# Apple tv new et vlc



## dbol (4 Décembre 2010)

Bonjour
Est ce possible d utiliser client vlc iphone et mac pour diffuser films via airplay ?
Merki


----------



## Kubusiu (19 Décembre 2010)

non, pas à l'heure actuelle.


----------



## dbol (19 Décembre 2010)

Kubusiu a dit:


> non, pas à l'heure actuelle.



Merci.
Meme pas avec un tweak ?

Quelles sont les applis qui permettent d envoyer de la video via airplay ?


----------



## Kubusiu (19 Décembre 2010)

L'appli youtube sur iphone, l'appli photo aussi, je crois que c'est tout.
C'est possible de faire marcher plus d'appli avec airplay en jailbreakant l'iphone et avec une appli cydia dont l'ai oublié le nom, quelque chose comme airplay enabler...
Mais dans tous les cas, seules les video H264 pourront êtres lues.


----------



## Kubusiu (23 Décembre 2010)

Il est maintenant possible de lire n'importe quel video (mkv, avi) depuis son mac vers l'appleTV avec AirPlayer et AirFlick, la conversion video se fait à la volée (grave à VLC).
http://ericasadun.com/ftp/AirPlay/
Versions betas, mises à jour quotidiennes.

Il faut lancer Airplay,
puis lancer AirFlick et glisser dessus le fichier à transcoder vers son Mac ou vers l'appleTV


----------



## dbol (23 Décembre 2010)

Génial...
et de l'iphone vers l'apple tv, toujours pas de possibilité de balancer des films via vlc ?

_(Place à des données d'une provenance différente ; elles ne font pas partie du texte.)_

(* In the setting of the context, let $\theta^*>0$ be the optimal throughput and define $$J_{\theta^*}(x,0)=(1-\tau)\int_{(\theta^*,\infty)}(y-\theta^* )\,G(dy\mid x)-\theta^*\tau,\qquad q(x)=J_{\theta^*}(x,0)-x+\theta^*,\qquad x\ge 0.$$ Then: (i) $J_{\theta^*}(x,0)$ is monotonically increasing in $x$ with $\lim_{x\to\infty}J_{\theta^*}(x,0)=\infty$, and $\lim_{x\to 0}J_{\theta^*}(x,0)<0$ when $\frac{R_e}{\theta^*}e^{-\theta^*/R_e}<\frac{\tau}{1-\tau}$. (ii) If $c_r<\frac{1}{1-\tau}$, then $q(x)$ is monotonically decreasing in $x$, $\lim_{x\to0}q(x)>0$ and $\lim_{x\to\infty}q(x)=-\infty$.
   Context: Setting (distributed opportunistic scheduling with two-level probing). Fix $p_s\in(0,1)$, $\tau\in(0,1)$, and normalize the data transmission duration to $1$. Let $K_1,K_2,\dots$ be i.i.d. geometric on $\{1,2,\dots\}$ with parameter $p_s$. Let $(R_n^{(1)},R_n^{(2)})$, $n\ge1$, be i.i.d. pairs independent of $(K_j)$, with $R_n^{(1)}$ exponential with mean $E[R^{(1)}]>0$, and conditionally on $R_n^{(1)}=x$, $R_n^{(2)}$ distributed as $|\sqrt{c_rx}+z|^2$ with constants $c_r>0$, $R_e>0$ and $z$ circularly symmetric complex Gaussian with $E|z|^2=R_e$; $G(y\mid x)$ denotes this conditional cdf. A policy: in round $n$ (reached after contention time $\sum_{j\le n}K_j\tau$) the link observes $R_n^{(1)}$ and either transmits at rate $R_n^{(1)}$ for duration $1$, or skips to round $n+1$, or performs second-level probing (time cost $\tau$), observes $R_n^{(2)}$, and then either transmits at rate $R_n^{(2)}$ for duration $1-\tau$ or skips to round $n+1$. With $N$ the round of transmission, $R_N$ the rate used, $T_{d,N}\in\{1,1-\tau\}$ the transmission duration and $T_N$ the total elapsed time (contention times, second-level probing times, and the final transmission period of total length 1), the optimal throughput is $\theta^*=\sup_N E[R_NT_{d,N}]/E[T_N]$ over stopping rules with $N\ge1$, $E[T_N]<\infty$. *)

theory Defs
  imports "HOL-Probability.Probability"
begin

text \<open>Circularly symmetric complex Gaussian z with E|z|^2 = Rn (the paper R_e): density
  exp(-|z|^2/Rn)/(pi Rn) with respect to Lebesgue measure on the complex plane.\<close>
definition cscg :: "real \<Rightarrow> complex measure" where
  "cscg Rn = density lborel (\<lambda>z. ennreal (exp (- (cmod z)\<^sup>2 / Rn) / (pi * Rn)))"

text \<open>G(. | x): the conditional law of R2 given R1 = x, i.e. the law of |sqrt(c_r x) + z|^2.\<close>
definition G_law :: "real \<Rightarrow> real \<Rightarrow> real \<Rightarrow> real measure" where
  "G_law cr Rn x = distr (cscg Rn) borel (\<lambda>z. (cmod (complex_of_real (sqrt (cr * x)) + z))\<^sup>2)"

definition J0 :: "real \<Rightarrow> real \<Rightarrow> real \<Rightarrow> real \<Rightarrow> real \<Rightarrow> real" where
  "J0 tau cr Rn \<theta> x = (1 - tau) * (LINT y:{\<theta><..}|G_law cr Rn x. (y - \<theta>)) - \<theta> * tau"

definition q_fun :: "real \<Rightarrow> real \<Rightarrow> real \<Rightarrow> real \<Rightarrow> real \<Rightarrow> real" where
  "q_fun tau cr Rn \<theta> x = J0 tau cr Rn \<theta> x - x + \<theta>"

end

theory Submission
  imports Defs "HOL-Real_Asymp.Real_Asymp"
begin

text \<open>Write \<open>J(x) = (1 - \<tau>) F(\<surd>(c\<^sub>r x)) - \<theta> \<tau>\<close> with \<open>F(c) = E (|c + z|\<^sup>2 - \<theta>)\<^sup>+\<close>.
  Polar coordinates give \<open>F(0) = R\<^sub>e exp (-\<theta>/R\<^sub>e)\<close>. For \<open>0 \<le> a \<le> b\<close> and nondecreasing \<open>\<phi>\<close>,
  \<open>E \<phi>(|a + z|\<^sup>2) \<le> E \<phi>(|b + z|\<^sup>2)\<close>: the reflection of the plane in the line \<open>Re w = (a + b)/2\<close>
  swaps the two shifted Gaussian densities, and the difference of the expectations becomes the
  integral of a pointwise nonnegative product. Applied to \<open>\<phi> = (\<cdot> - \<theta>)\<^sup>+\<close> this makes \<open>F\<close> nondecreasing;
  applied to \<open>\<phi> = min \<cdot> \<theta>\<close>, together with \<open>(y - \<theta>)\<^sup>+ = y - min y \<theta>\<close> and
  \<open>E |c + z|\<^sup>2 = c\<^sup>2 + E |z|\<^sup>2\<close>, it gives \<open>F(b) - F(a) \<le> b\<^sup>2 - a\<^sup>2\<close>; and \<open>F(c) \<ge> c\<^sup>2 - \<theta>\<close>.
  Hence \<open>J\<close> is nondecreasing, its increments are at most \<open>(1 - \<tau>) c\<^sub>r\<close> times those of \<open>x\<close>, and
  \<open>J(x) \<ge> (1 - \<tau>)(c\<^sub>r x - \<theta>) - \<theta> \<tau>\<close>, which gives (i); when \<open>(1 - \<tau>) c\<^sub>r < 1\<close> the increments of
  \<open>q = J - id + \<theta>\<close> are at most \<open>(1 - \<tau>) c\<^sub>r - 1 < 0\<close> times those of \<open>x\<close>, which gives (ii).\<close>

section \<open>Lebesgue measure on the complex plane\<close>

lemma Complex_pair_measurable:
  "(\<lambda>(x, y). Complex x y) \<in> borel_measurable (lborel \<Otimes>\<^sub>M lborel)"
proof -
  have "(\<lambda>(x, y). Complex x y) = (\<lambda>p. complex_of_real (fst p) + \<i> * complex_of_real (snd p))"
    by (auto simp: complex_eq_iff)
  then show ?thesis by simp
qed

lemma distr_Complex_lborel:
  "distr (lborel \<Otimes>\<^sub>M lborel) borel (\<lambda>(x, y). Complex x y) = (lborel :: complex measure)"
proof (rule lborel_eqI[symmetric])
  fix l u :: complex
  assume le: "\<And>b. b \<in> Basis \<Longrightarrow> l \<bullet> b \<le> u \<bullet> b"
  then have "Re l \<le> Re u" "Im l \<le> Im u"
    using le[of 1] le[of \<i>] by (auto simp: inner_complex_def)
  moreover have "(\<lambda>(x, y). Complex x y) -` box l u \<inter> space (lborel \<Otimes>\<^sub>M lborel)
      = {Re l<..<Re u} \<times> {Im l<..<Im u}"
    by (auto simp: box_def Basis_complex_def inner_complex_def space_pair_measure)
  ultimately show "emeasure (distr (lborel \<Otimes>\<^sub>M lborel) borel (\<lambda>(x, y). Complex x y)) (box l u)
      = (\<Prod>b\<in>Basis. (u - l) \<bullet> b)"
    using Complex_pair_measurable
    by (simp add: emeasure_distr lborel.emeasure_pair_measure_Times Basis_complex_def
        inner_complex_def ennreal_mult)
qed simp

lemma nn_integral_lborel_complex:
  fixes h :: "complex \<Rightarrow> ennreal"
  assumes [measurable]: "h \<in> borel_measurable borel"
  shows "(\<integral>\<^sup>+z. h z \<partial>lborel) = (\<integral>\<^sup>+x. \<integral>\<^sup>+y. h (Complex x y) \<partial>lborel \<partial>lborel)"
proof -
  note m = Complex_pair_measurable
  have "(\<integral>\<^sup>+z. h z \<partial>lborel) = (\<integral>\<^sup>+z. h z \<partial>distr (lborel \<Otimes>\<^sub>M lborel) borel (\<lambda>(x, y). Complex x y))"
    by (simp add: distr_Complex_lborel)
  also have "\<dots> = (\<integral>\<^sup>+p. h (case p of (x, y) \<Rightarrow> Complex x y) \<partial>(lborel \<Otimes>\<^sub>M lborel))"
    by (rule nn_integral_distr[OF m]) simp
  also have "\<dots> = (\<integral>\<^sup>+x. \<integral>\<^sup>+y. h (Complex x y) \<partial>lborel \<partial>lborel)"
    by (subst lborel.nn_integral_fst[symmetric]) (use m in \<open>auto simp: case_prod_beta\<close>)
  finally show ?thesis .
qed

lemma distr_lborel_reflect_complex:
  fixes t :: complex
  shows "distr lborel borel (\<lambda>w. t - cnj w) = (lborel :: complex measure)"
proof -
  define c :: "complex \<Rightarrow> real" where "c = (\<lambda>j. if j = 1 then -1 else 1)"
  have "(\<lambda>x. t + (\<Sum>j\<in>Basis. (c j * (x \<bullet> j)) *\<^sub>R j)) = (\<lambda>w. t - cnj w)"
    by (rule ext) (simp add: Basis_complex_def c_def complex_eq_iff inner_complex_def)
  moreover have "(\<Prod>j\<in>(Basis::complex set). \<bar>c j\<bar>) = 1"
    by (simp add: Basis_complex_def c_def)
  ultimately show ?thesis
    using lborel_affine_euclidean[where c=c and t=t] by (simp add: c_def density_1)
qed

lemma
  fixes g :: "complex \<Rightarrow> real" and t :: complex
  assumes [measurable]: "g \<in> borel_measurable borel"
  shows integrable_lborel_reflect_complex:
      "integrable lborel g \<longleftrightarrow> integrable lborel (\<lambda>w. g (t - cnj w))"
    and integral_lborel_reflect_complex:
      "(\<integral>w. g w \<partial>lborel) = (\<integral>w. g (t - cnj w) \<partial>lborel)"
proof -
  have [measurable]: "cnj \<in> borel_measurable borel"
    by (intro borel_measurable_continuous_onI continuous_intros)
  have m: "(\<lambda>w. t - cnj w) \<in> measurable lborel borel"
    by measurable
  show "integrable lborel g \<longleftrightarrow> integrable lborel (\<lambda>w. g (t - cnj w))"
    using integrable_distr_eq[OF m, of g] by (simp add: distr_lborel_reflect_complex)
  show "(\<integral>w. g w \<partial>lborel) = (\<integral>w. g (t - cnj w) \<partial>lborel)"
    using integral_distr[OF m, of g] by (simp add: distr_lborel_reflect_complex)
qed

section \<open>Radial integrals in the plane\<close>

lemma nn_integral_lborel_even:
  fixes g :: "real \<Rightarrow> ennreal"
  assumes [measurable]: "g \<in> borel_measurable borel" and even: "\<And>x. g (- x) = g x"
  shows "(\<integral>\<^sup>+x. g x \<partial>lborel) = 2 * (\<integral>\<^sup>+x. g x * indicator {0..} x \<partial>lborel)"
proof -
  have "(\<integral>\<^sup>+x. g x \<partial>lborel) = (\<integral>\<^sup>+x. g x * indicator {0..} x + g x * indicator {..<0} x \<partial>lborel)"
    by (intro nn_integral_cong) (auto split: split_indicator)
  also have "\<dots> = (\<integral>\<^sup>+x. g x * indicator {0..} x \<partial>lborel) + (\<integral>\<^sup>+x. g x * indicator {..<0} x \<partial>lborel)"
    by (rule nn_integral_add) auto
  also have "(\<integral>\<^sup>+x. g x * indicator {..<0} x \<partial>lborel)
      = (\<integral>\<^sup>+x. g (0 + (-1) * x) * indicator {..<0} (0 + (-1) * x) \<partial>lborel)"
    using nn_integral_real_affine[where c="-1" and t=0 and f="\<lambda>x. g x * indicator {..<0} x"] by simp
  also have "\<dots> = (\<integral>\<^sup>+x. g x * indicator {0..} x \<partial>lborel)"
    using AE_lborel_singleton[of 0]
    by (intro nn_integral_cong_AE, eventually_elim) (auto simp: even split: split_indicator)
  finally show ?thesis by (simp add: mult_2)
qed

lemma nn_integral_inverse_1_plus_square:
  "(\<integral>\<^sup>+s. ennreal (1 / (1 + s\<^sup>2)) \<partial>lborel) = ennreal pi"
proof -
  have "(\<integral>\<^sup>+s. ennreal (1 / (1 + s\<^sup>2)) * indicator {0..} s \<partial>lborel) = ennreal (pi / 2 - arctan 0)"
    by (rule nn_integral_FTC_atLeast[OF _ _ _ tendsto_arctan_at_top])
       (auto intro!: derivative_eq_intros simp: add_nonneg_eq_0_iff field_simps power2_eq_square)
  moreover have "ennreal pi = 2 * ennreal (pi / 2)"
    using ennreal_mult[of 2 "pi/2"] by simp
  ultimately show ?thesis
    by (subst nn_integral_lborel_even) (auto simp: ennreal_mult[symmetric])
qed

Autre question, l'appui photo de l'iphone permet d'envoyer des photos vers airplayer (sur 1 mac) mais pas des films...quid ?

Merci


----------



## Jellybass (26 Décembre 2010)

Les applications iOS tierces disposent déjà de l'implémentation d'AirPlay pour l'audio (un exemple parmi d'autres : Radio France) et pour ce qui est de la vidéo, Steve Jobs a annoncé : "_on espère en 2011_".


----------



## Julfab (27 Décembre 2010)

Bonjour à tous. Y a t-il une version particulire de VLC à avoir, car j'ai installé Airflick mais quand je le lance il me signale que je n'ai pas VLC (alors que je l'utilise certaines fois)


----------



## Kubusiu (28 Décembre 2010)

Bonjour, Vlc doit être installé dans les applications comme indiqué : "Transcoding Transcoding requires VLC (in /Applications/VLC) or Macports ffmpeg (with x264 library, sudo port install ffmpeg +gpl +lame +x264 +xvid). Suggestions for improving the settings for using these are welcome. Otherwise, please contact those projects for any issues with their software."
Cela dit, vlc est un mauvais choix qui ne donnera pas de résultats probants. Ils est préférable d'utiliser ffmpeg qui marchera bien mieux.


----------



## AZTT (9 Avril 2012)

pour ma part j'ai installé l'application VLC STREAMER sur le MAC et sur IPhone et IPad...
et de mon canapé sur l'IPhone ou l'Ipad je me balade sur les disques durs du MAC... et je choisis mes films quelque soit leur format
ça fonctionne impeccablement...
on a le choix de copier ou pas les vidéos sur son IPhone ou Ipad..

FLICKAIR est-il différent? apporte-t-il un plus ou
VLC STREAMER est mieux..?

http://itunes.apple.com/fr/app/vlc-streamer-free/id410036516?mt=8


----------